- [Requirement]:
In the listing that follows, the lines starting at the one containing "assms] by simp" and ending at the one containing "by (simp add: g_add_Rad[OF" are to be returned exactly, both boundary lines included, and no others.
:::
lemma inv_g_Rad:
  assumes "x \<in> Rad \<gamma>" shows "inv g x \<in> Rad \<gamma>"
  unfolding Rad_def
proof (intro CollectI allI)
  fix y
  have "inv g (\<gamma> (inv g x) y) = inv g 0"
    using inv_g_gamma[of "inv g x" y] Rad_gamma_left[OF assms] by simp
  then have "g (inv g (\<gamma> (inv g x) y)) = g (inv g 0)" by (rule arg_cong)
  then show "\<gamma> (inv g x) y = 0" by simp
qed

lemma inv_g_add_Rad:
  assumes "x \<in> Rad \<gamma>" shows "inv g (x + y) = inv g x + inv g y"
proof -
  have "g (inv g x + inv g y) = x + y"
    by (simp add: g_add_Rad[OF inv_g_Rad[OF assms]])
  then have "inv g (g (inv g x + inv g y)) = inv g (x + y)" by (rule arg_cong)
  then show ?thesis by simp
qed

lemma gpow_Rad: "x \<in> Rad \<gamma> \<Longrightarrow> gpow g k x \<in> Rad \<gamma>"
  by (induction k rule: int_induct[where k=0])
     (simp_all add: gpow_succ[OF bij] gpow_pred[OF bij] g_Rad inv_g_Rad)

lemma gpow_add_Rad: "x \<in> Rad \<gamma> \<Longrightarrow> gpow g k (x + y) = gpow g k x + gpow g k y"
  by (induction k rule: int_induct[where k=0])
     (simp_all add: gpow_succ[OF bij] gpow_pred[OF bij] g_add_Rad inv_g_add_Rad gpow_Rad)

lemma gpow_add_Rad_right: "y \<in> Rad \<gamma> \<Longrightarrow> gpow g k (x + y) = gpow g k x + gpow g k y"
  using gpow_add_Rad[of y k x] by (simp add: add.commute)
(* For every $\varepsilon\in(0,1]$ there exists $b_0$ such that for every $b\geq b_0$ there exists $\gamma_0>0$ such that for every $\gamma\in(0,\gamma_0]$ there exists $n_0$ such that for every $n\geq n_0$ the following holds. Let $G$ be an $(n,\varepsilon)$-digraph that is an induced subdigraph of some digraph $F$. Let $u\in V(F)\setminus V(G)$ and let $\mathbf{x}$ be a $b$-normal perfect fractional matching of $G$. Let $\Delta:=e^{\gamma\sqrt{\ln n}}$, let $n^{1/4}\leq m\leq3\Delta n^{1/4}$, and let $M\subseteq V(G)$ with $|M|=m+1$. Suppose that for all $v\in V(G)$ and $*\in\{+,-\}$: (i) $\sum_{w\in M\cap N_G^+(v)}\mathbf{x}_{vw}=\frac{m+1}n\pm n^{-\frac34-\frac1{18\sqrt{\ln n}}}$ and $\sum_{w\in M\cap N_G^-(v)}\mathbf{x}_{wv}=\frac{m+1}n\pm n^{-\frac34-\frac1{18\sqrt{\ln n}}}$; (ii) $\sum_{w\in M\cap N_G^+(v)}\mathbf{x}_{vw}\log\frac1{\mathbf{x}_{vw}}=\frac{m+1}nh^+_{\mathbf{x}}(v)\pm n^{-\frac34-\frac1{18\sqrt{\ln n}}}$ and $\sum_{w\in M\cap N_G^-(v)}\mathbf{x}_{wv}\log\frac1{\mathbf{x}_{wv}}=\frac{m+1}nh^-_{\mathbf{x}}(v)\pm n^{-\frac34-\frac1{18\sqrt{\ln n}}}$; (iii) $|N^*_{F,G}(u)|\geq(\frac12+\varepsilon)n$; (iv) $|N^*_{F,G}(u)\cap M|=\frac{m+1}n|N^*_{F,G}(u)|\pm n^{\frac14-\frac1{17\sqrt{\ln n}}}$. Then there is a $(1+n^{-\frac34-\frac1{22\sqrt{\ln n}}})b$-normal perfect fractional matching $\mathbf{z}$ of $F[(V(G)\setminus M)\cup\{u\}]$ with $h(\mathbf{z})\geq\frac{n-m}nh(\mathbf{x})-(n-m)\log\frac n{n-m}-n^{\frac14-\frac1{24\sqrt{\ln n}}}$.
   Context: $\log=\log_2$, $\ln$ is the natural logarithm. $a=\beta\pm c$ means $\beta-c\leq a\leq\beta+c$. Digraphs have no loops and at most one edge from $v$ to $w$ per ordered pair; $N^+_G(v),N^-_G(v)$ are out-/in-neighbourhoods, and $N^*_{F,G}(u)=N^*_F(u)\cap V(G)$. An $(n,\varepsilon)$-digraph is a digraph on $n$ vertices with every in- and out-degree at least $(\frac12+\varepsilon)n$. A perfect fractional matching of a digraph $H$ is $\mathbf{x}\colon E(H)\to\mathbb{R}_{\geq0}$ with $\sum_{w\in N^+(v)}\mathbf{x}_{vw}=1=\sum_{w\in N^-(v)}\mathbf{x}_{wv}$ for all $v$; it is $b$-normal if $\frac1{b|V(H)|}\leq\mathbf{x}_e\leq\frac b{|V(H)|}$ for all edges $e$. $h(\mathbf{x})=\sum_e\mathbf{x}_e\log\frac1{\mathbf{x}_e}$, $h^+_{\mathbf{x}}(v)=\sum_{w\in N^+(v)}\mathbf{x}_{vw}\log\frac1{\mathbf{x}_{vw}}$, $h^-_{\mathbf{x}}(v)=\sum_{w\in N^-(v)}\mathbf{x}_{wv}\log\frac1{\mathbf{x}_{wv}}$. $F[S]$ is the induced subdigraph on $S$. *)

theory Defs
  imports Complex_Main
begin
:::
- [Task response]:
    using inv_g_gamma[of "inv g x" y] Rad_gamma_left[OF assms] by simp
  then have "g (inv g (\<gamma> (inv g x) y)) = g (inv g 0)" by (rule arg_cong)
  then show "\<gamma> (inv g x) y = 0" by simp
qed

lemma inv_g_add_Rad:
  assumes "x \<in> Rad \<gamma>" shows "inv g (x + y) = inv g x + inv g y"
proof -
  have "g (inv g x + inv g y) = x + y"
    by (simp add: g_add_Rad[OF inv_g_Rad[OF assms]])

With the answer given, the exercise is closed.